• [PROBLEM DESCRIPTION] The response must consist of the records below, copied exactly.

PROVIDED RECORDS Block Start

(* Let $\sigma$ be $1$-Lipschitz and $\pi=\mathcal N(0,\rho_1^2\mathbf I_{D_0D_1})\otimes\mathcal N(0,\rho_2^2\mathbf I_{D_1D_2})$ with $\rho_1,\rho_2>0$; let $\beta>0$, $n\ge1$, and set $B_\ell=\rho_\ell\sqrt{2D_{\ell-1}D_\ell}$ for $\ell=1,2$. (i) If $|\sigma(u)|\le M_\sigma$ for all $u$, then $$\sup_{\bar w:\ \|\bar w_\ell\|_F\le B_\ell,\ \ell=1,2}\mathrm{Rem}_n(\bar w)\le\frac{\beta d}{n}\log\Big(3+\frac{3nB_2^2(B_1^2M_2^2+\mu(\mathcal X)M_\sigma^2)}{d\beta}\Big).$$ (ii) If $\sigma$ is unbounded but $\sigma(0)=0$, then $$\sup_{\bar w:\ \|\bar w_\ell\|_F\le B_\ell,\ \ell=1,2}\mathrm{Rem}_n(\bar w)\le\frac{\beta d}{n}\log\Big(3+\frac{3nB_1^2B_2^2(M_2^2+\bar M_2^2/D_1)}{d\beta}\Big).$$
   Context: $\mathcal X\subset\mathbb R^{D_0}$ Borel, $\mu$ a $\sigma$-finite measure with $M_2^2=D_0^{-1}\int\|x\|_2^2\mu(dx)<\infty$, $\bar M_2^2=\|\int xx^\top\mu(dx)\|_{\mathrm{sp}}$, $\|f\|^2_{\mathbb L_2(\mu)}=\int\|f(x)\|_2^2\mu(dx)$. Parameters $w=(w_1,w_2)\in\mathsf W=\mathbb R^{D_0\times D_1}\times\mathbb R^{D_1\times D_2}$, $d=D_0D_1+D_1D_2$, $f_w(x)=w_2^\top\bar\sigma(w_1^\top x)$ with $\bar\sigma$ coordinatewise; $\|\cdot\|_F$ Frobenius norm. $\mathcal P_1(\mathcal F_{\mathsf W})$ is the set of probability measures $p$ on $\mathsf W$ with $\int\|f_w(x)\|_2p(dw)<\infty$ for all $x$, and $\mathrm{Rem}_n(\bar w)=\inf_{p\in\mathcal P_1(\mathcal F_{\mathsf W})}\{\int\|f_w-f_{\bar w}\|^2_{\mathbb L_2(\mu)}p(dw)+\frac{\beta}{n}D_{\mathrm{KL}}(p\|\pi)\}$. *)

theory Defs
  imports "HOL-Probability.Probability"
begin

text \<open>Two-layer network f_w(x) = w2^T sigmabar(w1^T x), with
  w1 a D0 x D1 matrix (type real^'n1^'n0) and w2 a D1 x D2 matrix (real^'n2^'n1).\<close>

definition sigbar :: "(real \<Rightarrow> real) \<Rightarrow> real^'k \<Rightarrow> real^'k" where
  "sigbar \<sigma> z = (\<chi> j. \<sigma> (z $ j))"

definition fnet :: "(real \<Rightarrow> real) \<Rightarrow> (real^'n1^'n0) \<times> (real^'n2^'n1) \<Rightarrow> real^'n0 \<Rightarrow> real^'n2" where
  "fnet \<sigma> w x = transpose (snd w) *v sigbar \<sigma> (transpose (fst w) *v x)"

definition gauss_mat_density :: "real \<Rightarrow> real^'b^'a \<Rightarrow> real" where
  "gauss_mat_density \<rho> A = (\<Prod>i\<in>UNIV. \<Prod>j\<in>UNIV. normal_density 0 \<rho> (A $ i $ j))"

PROVIDED RECORDS Block End

• [RESPONSE TO THIS EXERCISE]
(* Let $\sigma$ be $1$-Lipschitz and $\pi=\mathcal N(0,\rho_1^2\mathbf I_{D_0D_1})\otimes\mathcal N(0,\rho_2^2\mathbf I_{D_1D_2})$ with $\rho_1,\rho_2>0$; let $\beta>0$, $n\ge1$, and set $B_\ell=\rho_\ell\sqrt{2D_{\ell-1}D_\ell}$ for $\ell=1,2$. (i) If $|\sigma(u)|\le M_\sigma$ for all $u$, then $$\sup_{\bar w:\ \|\bar w_\ell\|_F\le B_\ell,\ \ell=1,2}\mathrm{Rem}_n(\bar w)\le\frac{\beta d}{n}\log\Big(3+\frac{3nB_2^2(B_1^2M_2^2+\mu(\mathcal X)M_\sigma^2)}{d\beta}\Big).$$ (ii) If $\sigma$ is unbounded but $\sigma(0)=0$, then $$\sup_{\bar w:\ \|\bar w_\ell\|_F\le B_\ell,\ \ell=1,2}\mathrm{Rem}_n(\bar w)\le\frac{\beta d}{n}\log\Big(3+\frac{3nB_1^2B_2^2(M_2^2+\bar M_2^2/D_1)}{d\beta}\Big).$$
   Context: $\mathcal X\subset\mathbb R^{D_0}$ Borel, $\mu$ a $\sigma$-finite measure with $M_2^2=D_0^{-1}\int\|x\|_2^2\mu(dx)<\infty$, $\bar M_2^2=\|\int xx^\top\mu(dx)\|_{\mathrm{sp}}$, $\|f\|^2_{\mathbb L_2(\mu)}=\int\|f(x)\|_2^2\mu(dx)$. Parameters $w=(w_1,w_2)\in\mathsf W=\mathbb R^{D_0\times D_1}\times\mathbb R^{D_1\times D_2}$, $d=D_0D_1+D_1D_2$, $f_w(x)=w_2^\top\bar\sigma(w_1^\top x)$ with $\bar\sigma$ coordinatewise; $\|\cdot\|_F$ Frobenius norm. $\mathcal P_1(\mathcal F_{\mathsf W})$ is the set of probability measures $p$ on $\mathsf W$ with $\int\|f_w(x)\|_2p(dw)<\infty$ for all $x$, and $\mathrm{Rem}_n(\bar w)=\inf_{p\in\mathcal P_1(\mathcal F_{\mathsf W})}\{\int\|f_w-f_{\bar w}\|^2_{\mathbb L_2(\mu)}p(dw)+\frac{\beta}{n}D_{\mathrm{KL}}(p\|\pi)\}$. *)

theory Defs
  imports "HOL-Probability.Probability"
begin

text \<open>Two-layer network f_w(x) = w2^T sigmabar(w1^T x), with
  w1 a D0 x D1 matrix (type real^'n1^'n0) and w2 a D1 x D2 matrix (real^'n2^'n1).\<close>

definition sigbar :: "(real \<Rightarrow> real) \<Rightarrow> real^'k \<Rightarrow> real^'k" where
  "sigbar \<sigma> z = (\<chi> j. \<sigma> (z $ j))"

definition fnet :: "(real \<Rightarrow> real) \<Rightarrow> (real^'n1^'n0) \<times> (real^'n2^'n1) \<Rightarrow> real^'n0 \<Rightarrow> real^'n2" where
  "fnet \<sigma> w x = transpose (snd w) *v sigbar \<sigma> (transpose (fst w) *v x)"

definition gauss_mat_density :: "real \<Rightarrow> real^'b^'a \<Rightarrow> real" where
  "gauss_mat_density \<rho> A = (\<Prod>i\<in>UNIV. \<Prod>j\<in>UNIV. normal_density 0 \<rho> (A $ i $ j))"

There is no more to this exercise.